lemma pos_group_inter_eq:
  fixes A :: "'k::linordered_field set"
  assumes A: "mult_subgroup A" "A \<subseteq> {x. 0 < x}" and A': "pure_subgroup A' A" "A' \<subseteq> K'"
    and "G' \<subseteq> circle"
    and roots: "\<And>a. a \<in> A \<Longrightarrow> a \<in> K' \<Longrightarrow> \<exists>m\<ge>1. of_k a ^ m \<in> ga_group G' A'"
  shows "A \<inter> K' = A'"
proof
  show "A' \<subseteq> A \<inter> K'" using A' unfolding pure_subgroup_def by blast
  have torsion: "torsion A \<subseteq> A'"
    using torsion_subset_one[OF A(2)] A'(1) mult_subgroup_one unfolding pure_subgroup_def by blast
  show "A \<inter> K' \<subseteq> A'"
  proof
    fix a assume "a \<in> A \<inter> K'"
    then obtain m g' a' where a: "a \<in> A" "m \<ge> 1" "of_k (a ^ m) = g' * of_k a'" "g' \<in> G'" "a' \<in> A'"
      using roots unfolding ga_group_def of_k_power by blast
    have "0 < a'" using a(5) A(2) A'(1) unfolding pure_subgroup_def by blast
    moreover have "0 < a ^ m" using a(1) A(2) by auto
    ultimately have "a ^ m = a'"
      using of_k_eq_circle_mult[OF _ a(3)] a(4) \<open>G' \<subseteq> circle\<close> by blast
    then show "a \<in> A'" using pure_subgroup_root_mem[OF A'(1) torsion A(1) a(1,2)] a(5) by simp
  qed
qed

lemma discrete_step_unique:
  fixes A :: "'k::linordered_field set"
  assumes A: "mult_subgroup A" "A \<subseteq> {x. 0 < x}" and least: "\<forall>a\<in>A. 1 < a \<longrightarrow> e \<le> a"
    and a: "a \<in> A" "a \<le> k" "k < a * e" and b: "b \<in> A" "b \<le> k" "k < b * e"
  shows "a = b"
proof -
  have less: "\<not> x < y" if "x \<in> A" "y \<in> A" "y \<le> k" "k < x * e" for x y
  proof
    assume "x < y"
    have "0 < x" using that(1) A(2) by auto
    then have "1 < y / x" using \<open>x < y\<close> by simp
    then have "e \<le> y / x" using least mult_subgroup_divide[OF A(1) that(2,1)] by blast
    then show False using \<open>0 < x\<close> that(3,4) by (simp add: field_simps)
  qed
  have "\<not> a < b" "\<not> b < a" using less[OF a(1) b(1) b(2) a(3)] less[OF b(1) a(1) a(2) b(3)] .
  then show ?thesis by simp
qed

lemma lam_eq:
  fixes A :: "'k::linordered_field set"
  assumes "mult_subgroup A" "A \<subseteq> {x. 0 < x}" "\<forall>a\<in>A. 1 < a \<longrightarrow> e \<le> a"
    and "a \<in> A" "a \<le> k" "k < a * e"
  shows "lam A e k = a"
  unfolding lam_def
proof (rule the_equality)
  show "a \<in> A \<and> a \<le> k \<and> k < a * e" using assms(4-6) by blast
  show "b = a" if "b \<in> A \<and> b \<le> k \<and> k < b * e" for b
  proof -
    have "a = b" using discrete_step_unique[OF assms, of b] that by blast
    then show ?thesis by (rule sym)
  qed
qed

lemma discrete_in_subset_iff_lam_closed:
  fixes A :: "'k::linordered_field set"
  assumes A: "mult_subgroup A" "A \<subseteq> {x. 0 < x}" "\<forall>a\<in>A. 1 < a \<longrightarrow> e \<le> a"
    and discrete: "\<forall>k>0. \<exists>a\<in>A. a \<le> k \<and> k < a * e"
    and A': "A \<inter> K' = A'"
  shows "(\<forall>k\<in>K'. 0 < k \<longrightarrow> (\<exists>a\<in>A'. a \<le> k \<and> k < a * e))
    \<longleftrightarrow> (\<forall>k\<in>K'. 0 < k \<longrightarrow> lam A e k \<in> K')"
proof -
  have "(\<exists>a\<in>A'. a \<le> k \<and> k < a * e) \<longleftrightarrow> lam A e k \<in> K'" if "0 < k" for k
  proof -
    obtain a where a: "a \<in> A" "a \<le> k" "k < a * e" using discrete \<open>0 < k\<close> by blast
    then have lam: "lam A e k = a" by (rule lam_eq[OF A])
    have uniq: "b = a" if "b \<in> A'" "b \<le> k" "k < b * e" for b
    proof -
      have "b \<in> A" using that(1) A' by blast
      from discrete_step_unique[OF A this that(2,3) a] show ?thesis .
    qed
    show ?thesis
    proof
      assume "\<exists>b\<in>A'. b \<le> k \<and> k < b * e"
      then have "a \<in> A'" using uniq by blast
      then show "lam A e k \<in> K'" using lam A' by blast
    next
      assume "lam A e k \<in> K'"
      then have "a \<in> A'" using lam a(1) A' by blast
      then show "\<exists>b\<in>A'. b \<le> k \<and> k < b * e" using a(2,3) by blast
    qed
  qed
  then show ?thesis by blast
qed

• **WHAT IS EXPECTED**
The answer should consist of the lines from the first line of the entries through the line with "A \<Longrightarrow> a", copied exactly.

• **ANSWER TO THIS PROBLEM**
lemma pos_group_inter_eq:
  fixes A :: "'k::linordered_field set"
  assumes A: "mult_subgroup A" "A \<subseteq> {x. 0 < x}" and A': "pure_subgroup A' A" "A' \<subseteq> K'"
    and "G' \<subseteq> circle"
    and roots: "\<And>a. a \<in> A \<Longrightarrow> a \<in> K' \<Longrightarrow> \<exists>m\<ge>1. of_k a ^ m \<in> ga_group G' A'"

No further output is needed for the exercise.